Tak dapat dimungkiri sampai pada tahun 1678, Banten telah menjadi kota metropolitan, dengan
jumlah penduduk dan kekayaan yang dimilikinya menjadikan Banten sebagai salah satu kota
terbesar di dunia pada masa tersebut.[22]

Kepercayaan pada masa kerajaan islam di indonesia:


Berdasarkan data arkeologis, masa awal masyarakat Banten dipengaruhi oleh beberapa kerajaan
yang membawa keyakinan Hindu-Budha, seperti Tarumanagara, Sriwijaya dan Kerajaan Sunda.
Dalam Babad Banten menceritakan bagaimana Sunan Gunung Jati bersama Maulana Hasanuddin,
melakukan penyebaran agama Islam secara intensif kepada penguasa Banten Girang beserta
penduduknya. Beberapa cerita mistis juga mengiringi proses islamisasi di Banten, termasuk ketika
pada masa Maulana Yusuf mulai menyebarkan dakwah kepada penduduk pedalaman Sunda, yang
ditandai dengan penaklukan Pakuan Pajajaran.

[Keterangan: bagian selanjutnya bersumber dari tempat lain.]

lemma norm_le_sum_blockproj:
  assumes "finite J" and "\<And>i. blk i \<in> J"
  shows "norm y \<le> (\<Sum>j\<in>J. norm (blockproj blk j y))"
proof -
  have "y = (\<Sum>j\<in>J. blockproj blk j y)"
    using assms by (simp add: vec_eq_iff blockproj_def sum.delta[of J _ "\<lambda>_. _"] if_distrib cong: if_cong)
  hence "norm y = norm (\<Sum>j\<in>J. blockproj blk j y)" by simp
  also have "\<dots> \<le> (\<Sum>j\<in>J. norm (blockproj blk j y))" by (rule norm_sum)
  finally show ?thesis .
qed

lemma prox_subgradient_blockproj:
  assumes v: "v \<in> block_space blk j" and fin: "\<bar>g (blockproj blk j x)\<bar> \<noteq> \<infinity>" and "\<mu> \<ge> 0"
    and minor: "\<And>u. u \<in> block_space blk j \<Longrightarrow>
      g (blockproj blk j x) + ereal (inner v (u - blockproj blk j x) - \<mu> * (norm (u - blockproj blk j x))\<^sup>2) \<le> g u"
  shows "prox_subgradient (\<lambda>y. g (blockproj blk j y)) x \<mu> v"
  unfolding prox_subgradient_def
proof (intro conjI allI fin)
  fix y
  have "inner v (blockproj blk j y - blockproj blk j x) = inner v (y - x)"
    using blockproj_block_space[OF v] inner_blockproj[of blk j v] by (metis blockproj_diff)
  moreover have "\<mu> * (norm (blockproj blk j y - blockproj blk j x))\<^sup>2 \<le> \<mu> * (norm (y - x))\<^sup>2"
    using \<open>\<mu> \<ge> 0\<close> norm_blockproj_le[of blk j "y - x"]
    by (intro mult_left_mono power_mono) (auto simp: blockproj_diff)
  ultimately have "g (blockproj blk j x) + ereal (inner v (y - x) - \<mu> * (norm (y - x))\<^sup>2)
      \<le> g (blockproj blk j x) + ereal (inner v (blockproj blk j y - blockproj blk j x)
           - \<mu> * (norm (blockproj blk j y - blockproj blk j x))\<^sup>2)"
    by (intro add_left_mono) simp
  also have "\<dots> \<le> g (blockproj blk j y)" by (rule minor[OF blockproj_in_block_space])
  finally show "g (blockproj blk j x) + ereal (inner v (y - x) - \<mu> * (norm (y - x))\<^sup>2) \<le> g (blockproj blk j y)" .
qed
(* For all positive integers $m,n$ and any $(A,\boldsymbol{\gamma})\in[0,1)^{m\times n}\times[0,1)^m$, we have $\mathcal{C}(A,\boldsymbol{\gamma})\neq\emptyset$ if and only if $(A,\boldsymbol{\gamma})\notin\mathbf{Bad}(m,n)$.
   Context: $[0,1)^{m\times n}$ is the set of real $m\times n$ matrices with entries in $[0,1)$. For $\boldsymbol{x}\in\mathbb{R}^n$, $\|\boldsymbol{x}\|=\max_i|x_i|$; for $\boldsymbol{y}\in\mathbb{R}^m$, $\langle\boldsymbol{y}\rangle=\min_{\boldsymbol{p}\in\mathbb{Z}^m}\|\boldsymbol{y}-\boldsymbol{p}\|$. "Decreasing" means non-increasing. $\mathcal{C}$ is the set of decreasing $\psi:\mathbb{N}\to[0,\infty)$ with $\sum_{q\ge1}q^{n-1}\psi(q)^m<\infty$. $\mathcal{C}(A,\boldsymbol{\gamma})=\{\psi\in\mathcal{C}:\langle A\boldsymbol{q}-\boldsymbol{\gamma}\rangle<\psi(\|\boldsymbol{q}\|)\text{ for infinitely many }\boldsymbol{q}\in\mathbb{Z}^n\}$. $\mathbf{Bad}(m,n)=\{(A,\boldsymbol{\gamma}):\liminf_{\boldsymbol{q}\in\mathbb{Z}^n,\|\boldsymbol{q}\|\to\infty}\|\boldsymbol{q}\|^n\langle A\boldsymbol{q}-\boldsymbol{\gamma}\rangle^m>0\}$. *)

theory Defs
  imports "HOL-Analysis.Analysis" "HOL-Library.Liminf_Limsup"
begin

definition supnorm_int :: "int ^ 'n::finite \<Rightarrow> nat" where
  "supnorm_int q = nat (Max (range (\<lambda>i. \<bar>q $ i\<bar>)))"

Islam menjadi pilar pendirian Kesultanan Banten, Sultan Banten dirujuk memiliki silsilah sampai
kepada Nabi Muhammad, dan menempatkan para ulama memiliki pengaruh yang besar dalam
kehidupan masyarakatnya, seiring itu tarekat maupun tasawuf juga berkembang di Banten.
Sementara budaya masyarakat menyerap Islam sebagai bagian yang tidak terpisahkan. Beberapa
tradisi yang ada dipengaruhi oleh perkembangan Islam di masyarakat, seperti terlihat pada
kesenian bela diri Debus.
Kadi memainkan peranan penting dalam pemerintahan Kesultanan Banten, selain
bertanggungjawab dalam penyelesaian sengketa rakyat di pengadilan agama, juga dalam
penegakan hukum Islam seperti hudud.
Toleransi umat beragama di Banten, berkembang dengan baik. Walau didominasi oleh muslim,
namun komunitas tertentu diperkenankan membangun sarana peribadatan mereka, di mana sekitar
tahun 1673 telah berdiri beberapa klenteng pada kawasan sekitar pelabuhan Banten.